Here are several examples of companies who may have received a PPP loan and still qualify for the ERTC:
- If your company recently acquired another business that received a PPP loan, you may still be eligible to claim the employee retention credit for any qualified wages for the original company that weren’t claimed with the PPP loan. (Remember, you cannot claim wages for the ERTC if they were already counted toward the PPP loan forgiveness.)
- If your PPP loan is ultimately not forgiven, you may be eligible to claim the ERTC.
- If your company had payroll costs that exceeded the 60% requirement for PPP loan forgiveness, you may be able to claim wages paid beyond the 60% as eligible wages under the ERTC.
As a general rule, if you’re counting employee wages to justify forgiveness for a PPP loan, you’ll be better off allocating those wages to the PPP loan (paid at 100%) versus employee retention credits (paid at 50% up to $5,000 in 2020, and 70% up to $7,000 per quarter in 2021).
Tip: consider getting your PPP loan forgiven first and then seeing how much of the ERTC remains to be claimed after calculating items other than wages (rent, mortgage, overhead expenses, etc.). If you’re a Stratus.hr client, be sure you claim tax credits within the date ranges emailed to you to avoid incurring an amended tax return fee.

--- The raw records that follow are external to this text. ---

lemma sh_next_b_exists:
  assumes a: "fls_small a" and inv: "sh_inv a bs cs" and ne: "a \<noteq> cfv bs + cfv cs"
  shows "\<exists>b. sh_next_b a bs cs b"
proof -
  have degs: "\<forall>x\<in>set bs. degree x \<ge> 1" "\<forall>x\<in>set cs. degree x \<ge> 1"
    and pre: "cf_prefix (a - cfv cs) bs" "cf_prefix (a - cfv bs) cs"
    and gap: "2 * int (deg_sum cs) - 2 * int (deg_sum bs) \<ge> 0"
    and gap_last: "cs \<noteq> [] \<longrightarrow> 2 * int (deg_sum cs) - 2 * int (deg_sum bs) \<ge> int (degree (last cs)) + 1"
    using inv unfolding sh_inv_def by auto
  have ne': "a - cfv cs \<noteq> cfv bs" "a - cfv bs \<noteq> cfv cs" using ne by (auto simp: algebra_simps)
  obtain b where b: "cf_prefix (a - cfv cs) (bs @ [b])"
    using cf_prefix_extend[OF fls_small_minus_cfv[OF a degs(2)] pre(1) ne'(1)] by blast
  txt \<open>\<open>c\<close> is auxiliary: it only serves to determine \<open>deg b\<close>.\<close>
  obtain c where c: "cf_prefix (a - cfv bs) (cs @ [c])"
    using cf_prefix_extend[OF fls_small_minus_cfv[OF a degs(1)] pre(2) ne'(2)] by blast
  have "degree c \<ge> 1" using cf_prefix_degree[OF fls_small_minus_cfv[OF a degs(1)] c] by simp
  moreover have "2 * deg_sum bs + degree b = 2 * deg_sum cs + degree c"
    using cf_prefix_snoc_degree_balance[OF a degs b c] .
  ultimately have deg_b: "int (degree b) \<ge> 2 * int (deg_sum cs) - 2 * int (deg_sum bs) + 1"
    by linarith
  have "degree b \<ge> 1" using deg_b gap by linarith
  then have "cf_prefix (a - cfv (bs @ [b])) cs"
    using cf_prefix_swap[OF a _ degs(2) b] degs(1) deg_b by simp
  moreover have "cs \<noteq> [] \<longrightarrow> degree b \<ge> degree (last cs) + 2" using gap_last deg_b by linarith
  ultimately show ?thesis unfolding sh_next_b_def using b deg_b \<open>degree b \<ge> 1\<close> by blast
qed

Can I claim employee retention credits for employees who also receive paid sick and/or family and medical leave?
No, you cannot double dip. If you claim credits for paid sick and/or family and medical leave, you cannot claim credits for the same wages as employee retention credits – similar to a PPP loan.
What if my company didn’t exist for all of 2019?
Check the IRS guidance to determine alternative methods of eligibility for claiming the ERTC.
For more information, please see the video below or contact your Stratus.hr HR Representative.
Please note: the above video only covers the ERTC through the passing of the CAA. The ARPA has extended the ERTC through December 31, 2021; however, as of the date of this article, the IRS has not yet published guidance for Q3 and Q4 of 2021.